В глубине души Чэнь знал, что на самом деле как раз от этого ему и нужно отвлечься. Дело не в новых проектах для варки, а в понимании, что однажды ему придется выбрать ту или иную философию. Если Пандария станет его домом, если он найдет жену и заведет семью, дни приключений закончатся. Он просто станет веселым хмелеваром, облаченным в фартук вместо брони, будет торговаться с крестьянами за стоимость зерна и с покупателями – за стоимость кружки.

«И это не плохая жизнь. Вовсе нет, – думал Чэнь, аккуратно складывая поленницу для сестер. – Но будет ли этого достаточно для счастья?»

Новый визг детенышей привлек его внимание. Ли Ли лежала и не поднималась. В хмелеваре что-то вспыхнуло – древний зов битвы. О, у него было столько историй о великих схватках! Он сражался бок о бок с Рексаром, Вол’джином и Траллом. Спасти племянницу – ничто по сравнению с теми битвами (и пересказ баек о тех подвигах сделает его хмелеварню очень популярной), но активные действия подпитывали в его душе нечто…

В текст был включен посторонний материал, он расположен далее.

lemma frob_norm_add_sq:
  assumes A: "A \<in> carrier_mat n p" and B: "B \<in> carrier_mat n p"
  shows "frob_norm (A + B) ^ 2 = frob_norm A ^ 2 + frob_norm B ^ 2 + 2 * frob_inner A B"
proof -
  have sq: "frob_norm M ^ 2 = (\<Sum>i<dim_row M. \<Sum>j<dim_col M. (M $$ (i,j))^2)" for M
    unfolding frob_norm_def by (simp add: sum_nonneg)
  show ?thesis
    unfolding sq frob_inner_def using A B
    by (simp add: power2_sum sum.distrib sum_distrib_left mult.assoc)
qed

lemma frob_inner_mult_right:
  assumes D: "D \<in> carrier_mat n p" and P: "P \<in> carrier_mat n m" and E: "E \<in> carrier_mat m p"
  shows "frob_inner D (P * E) = frob_inner (transpose_mat P * D) E"
proof -
  have "frob_inner D (P * E) = (\<Sum>i<n. \<Sum>j<p. \<Sum>k<m. D $$ (i,j) * P $$ (i,k) * E $$ (k,j))"
    unfolding frob_inner_def using D P E
    by (auto simp: scalar_prod_def sum_distrib_left lessThan_atLeast0 ac_simps intro!: sum.cong)
  also have "\<dots> = (\<Sum>k<m. \<Sum>j<p. \<Sum>i<n. D $$ (i,j) * P $$ (i,k) * E $$ (k,j))"
    by (subst sum.swap, subst (2) sum.swap, subst sum.swap) (rule refl)
  also have "\<dots> = frob_inner (transpose_mat P * D) E"
    unfolding frob_inner_def using D P E
    by (auto simp: scalar_prod_def sum_distrib_left sum_distrib_right lessThan_atLeast0 ac_simps
        intro!: sum.cong)
  finally show ?thesis .
qed

lemma frob_norm_pythagoras:
  assumes P: "P \<in> carrier_mat n n" "orth_proj P" and E: "E \<in> carrier_mat n p"
  shows "frob_norm E ^ 2 = frob_norm (E - P * E) ^ 2 + frob_norm (P * E) ^ 2"
proof -
  have PE: "P * E \<in> carrier_mat n p" using P E by simp
  have P_sym: "transpose_mat P = P" and P_idem: "P * P = P" using P(2) unfolding orth_proj_def by auto
  have "P * (P * E) = P * P * E" by (rule assoc_mult_mat[OF P(1) P(1) E, symmetric])
  then have PPE: "P * (P * E) = P * E" unfolding P_idem .
  have "transpose_mat P * (E - P * E) = P * E - P * (P * E)"
    unfolding P_sym by (rule mult_minus_distrib_mat[OF P(1) E PE])
  also have "\<dots> = 0\<^sub>m n p" unfolding PPE using PE by (auto intro!: eq_matI)
  finally have "frob_inner (E - P * E) (P * E) = 0"
    unfolding frob_inner_mult_right[OF minus_carrier_mat[OF PE] P(1) E] by (simp add: frob_inner_def)
  then have "frob_norm (E - P * E + P * E) ^ 2 = frob_norm (E - P * E) ^ 2 + frob_norm (P * E) ^ 2"
    using frob_norm_add_sq[OF minus_carrier_mat[OF PE] PE] by simp
  moreover have "E - P * E + P * E = E"
  proof (rule eq_matI)
    show "(E - P * E + P * E) $$ (i,j) = E $$ (i,j)" if "i < dim_row E" "j < dim_col E" for i j
      using that carrier_matD[OF PE] carrier_matD[OF E] by simp
  qed (use carrier_matD[OF PE] carrier_matD[OF E] in simp_all)
  ultimately show ?thesis by simp
qed

lemma cols_proj_fixes_cols:
  fixes X :: "real mat"
  assumes X: "X \<in> carrier_mat n p" and I: "I \<subseteq> {0..<p}" and i: "i < n" and k: "k \<in> I"
  shows "(cols_sub X I * pinv (cols_sub X I) * X) $$ (i,k) = X $$ (i,k)"
proof -
  define XI where "XI = cols_sub X I"
  have XI: "XI \<in> carrier_mat n (card I)" unfolding XI_def by (rule cols_sub_carrier[OF X I])
  have P: "XI * pinv XI \<in> carrier_mat n n" using pinv_penrose[OF XI] XI by simp
  have "cols_sub (XI * pinv XI * X) I = XI * pinv XI * XI"
    using mult_cols_sub[OF P X I] unfolding XI_def by simp
  also have "\<dots> = cols_sub X I" using pinv_penrose[OF XI] unfolding penrose_def XI_def by simp
  finally show ?thesis
    using cols_sub_eqD[of "XI * pinv XI * X" n p X I i k] P X I i k unfolding XI_def by auto
qed

lemma cols_proj_residual_split:
  fixes X W :: "real mat"
  assumes X: "X \<in> carrier_mat n p" and W: "W \<in> carrier_mat p q" and I: "I \<subseteq> {0..<p}"
    and W_rows: "\<And>k j. k < p \<Longrightarrow> k \<notin> I \<Longrightarrow> j < q \<Longrightarrow> W $$ (k,j) = 0"
  defines "P \<equiv> cols_sub X I * pinv (cols_sub X I)" and "Y \<equiv> X * W * pinv W"
  shows "frob_norm (X - Y) ^ 2 = frob_norm (X - P * X) ^ 2 + frob_norm (P * X - Y) ^ 2"
proof -
  have XI: "cols_sub X I \<in> carrier_mat n (card I)" by (rule cols_sub_carrier[OF X I])
  have P: "P \<in> carrier_mat n n" "orth_proj P"
    using pinv_penrose[OF XI] orth_proj_mult_pinv[OF XI] XI unfolding P_def by auto
  have H: "pinv W \<in> carrier_mat q p" using pinv_penrose[OF W] by simp
  have Y: "Y \<in> carrier_mat n p" unfolding Y_def using X W H by simp
  have PXW: "P * X * W = X * W"
  proof (rule mult_eq_if_cols_agree[OF _ X W])
    show "P * X \<in> carrier_mat n p" using P X by simp
    show "(P * X) $$ (i,k) = X $$ (i,k)" if "i < n" "k \<in> I" for i k
      using cols_proj_fixes_cols[OF X I that] unfolding P_def .
  qed (rule W_rows)
  have "P * Y = P * X * W * pinv W"
    unfolding Y_def using carrier_matD[OF P(1)] carrier_matD[OF X] carrier_matD[OF W] carrier_matD[OF H]
    by (simp add: mult_mat_assoc_dims)
  then have PY: "P * Y = Y" unfolding PXW Y_def .
  have "P * (X - Y) = P * X - Y" using mult_minus_distrib_mat[OF P(1) X Y] PY by simp
  moreover have "X - Y - (P * X - Y) = X - P * X"
  proof (rule eq_matI)
    have PX: "P * X \<in> carrier_mat n p" using P X by simp
    show "(X - Y - (P * X - Y)) $$ (i,j) = (X - P * X) $$ (i,j)"
      if "i < dim_row (X - P * X)" "j < dim_col (X - P * X)" for i j
      using that carrier_matD[OF PX] carrier_matD[OF X] carrier_matD[OF Y] by simp
  qed (use carrier_matD[OF P(1)] carrier_matD[OF X] carrier_matD[OF Y] in simp_all)
  ultimately show ?thesis using frob_norm_pythagoras[OF P minus_carrier_mat[OF Y, of X]] by simp
qed

lemma orth_col_spaces_if_cols_proj_eq:
  fixes X W :: "real mat"
  assumes X: "X \<in> carrier_mat n p" and W: "W \<in> carrier_mat p q" and I: "I \<subseteq> {0..<p}"
    and W_rows: "\<And>k j. k < p \<Longrightarrow> k \<notin> I \<Longrightarrow> j < q \<Longrightarrow> W $$ (k,j) = 0"
    and eq: "cols_sub X I * pinv (cols_sub X I) * X = X * W * pinv W"
  shows "orth_subspaces (col_space (cols_sub X I)) (col_space (cols_sub X ({0..<p} - I)))"
proof -
  define J where "J = {0..<p} - I"
  define P where "P = cols_sub X I * pinv (cols_sub X I)"
  have J: "J \<subseteq> {0..<p}" unfolding J_def by auto
  have XI: "cols_sub X I \<in> carrier_mat n (card I)" by (rule cols_sub_carrier[OF X I])
  have P: "P \<in> carrier_mat n n" "transpose_mat P = P" "P * cols_sub X I = cols_sub X I"
    using pinv_penrose[OF XI] XI unfolding P_def penrose_def by auto
  have H: "pinv W \<in> carrier_mat q p" using pinv_penrose[OF W] by simp
  have "P * cols_sub X J = cols_sub (X * W * pinv W) J"
    using mult_cols_sub[OF P(1) X J] eq unfolding P_def by simp
  also have "\<dots> = 0\<^sub>m n (card J)"
    using cols_sub_eq_0[OF _ J] mult_pinv_zero_col[OF X W] W_rows X W H unfolding J_def by auto
  finally show ?thesis
    using orth_col_spaces_if_sym_absorbs[OF P(1,2) XI P(3) cols_sub_carrier[OF X J]]
    unfolding J_def by simp
qed

theorem theorem3:
  fixes X W :: "real mat" and n p :: nat and I :: "nat set"
  assumes X: "X \<in> carrier_mat n p"
    and W: "W \<in> carrier_mat p p"
    and I: "I \<subseteq> {0..<p}"
    and W_rows: "\<forall>i<p. i \<notin> I \<longrightarrow> (\<forall>j<p. W $$ (i,j) = 0)"
  shows "(\<not> orth_subspaces (col_space (cols_sub X I)) (col_space (cols_sub X ({0..<p} - I))) \<longrightarrow>
            frob_norm (X - X * W * pinv W) > frob_norm (X - cols_sub X I * pinv (cols_sub X I) * X))
       \<and> (orth_subspaces (col_space (cols_sub X I)) (col_space (cols_sub X ({0..<p} - I))) \<longrightarrow>
            frob_norm (X - X * W * pinv W) \<ge> frob_norm (X - cols_sub X I * pinv (cols_sub X I) * X))"
proof -
  let ?PX = "cols_sub X I * pinv (cols_sub X I) * X" and ?Y = "X * W * pinv W"
  have rows: "\<And>k j. k < p \<Longrightarrow> k \<notin> I \<Longrightarrow> j < p \<Longrightarrow> W $$ (k,j) = 0" using W_rows by blast
  note split = cols_proj_residual_split[OF X W I rows]
  have ge: "frob_norm (X - ?PX) \<le> frob_norm (X - ?Y)"
    by (rule power2_le_imp_le) (simp_all add: split frob_norm_nonneg)
  have gt: "frob_norm (X - ?PX) < frob_norm (X - ?Y)" if "?PX \<noteq> ?Y"
  proof (rule power_less_imp_less_base[of _ 2])
    have XI: "cols_sub X I \<in> carrier_mat n (card I)" by (rule cols_sub_carrier[OF X I])
    have "?PX \<in> carrier_mat n p" "?Y \<in> carrier_mat n p"
      using pinv_penrose[OF XI] pinv_penrose[OF W] XI X W by auto
    then have "frob_norm (?PX - ?Y) \<noteq> 0" using frob_norm_minus_eq_0_iff that by blast
    then show "frob_norm (X - ?PX) ^ 2 < frob_norm (X - ?Y) ^ 2" by (simp add: split)
  qed (rule frob_norm_nonneg)
  show ?thesis
    using ge gt orth_col_spaces_if_cols_proj_eq[OF X W I rows] by auto
qed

Нечто, противоречащее философии Тушуй.

Чэнь подбежал и нырнул в кипящую кучу тел, хватая детенышей за загривки, а потом разбрасывая налево и направо. Они – сплошь мышцы и мех – скакали, катались и извивались. Парочка врезалась друг в друга, и те части детенышей, что должны были касаться земли, обратились к небу. Однако они быстро пришли в себя, распутались и вскочили на ноги, готовые нырнуть обратно.

Чэнь рыкнул с правильной смесью мягкого предупреждения и нешуточной угрозы.

Детеныши застыли.

Взрослый пандарен выпрямился, и большинство детенышей инстинктивно повторили за ним это движение.

– Что это у вас тут происходит?

Один из детенышей посмелее, Кенг-на, показал на лежащую Ли Ли.

– Госпожа Ли Ли учила нас драться.

– Я здесь видел не драку. Я видел свалку! – Чэнь преувеличенно серьезно покачал головой. – Так не пойдет, ни в коем случае, особенно если вернутся яунголы. Вам надо учиться как следует. Ну-ка, готовьсь! – Чэнь, отдав приказ, встал по стойке «смирно», и детеныши идеально последовали его примеру.

Чэнь с трудом скрывал улыбку, пока отряжал детенышей – по одному и в группах – за хворостом, за водой, за песком для дорожки сестер и метлами, чтобы разровнять песок. Потом резко хлопнул лапами, и они метнулись по своим заданиям, как стрелы, пущенные из натянутых луков. Хмелевар дождался, пока они все исчезнут, и только потом протянул лапу Ли Ли.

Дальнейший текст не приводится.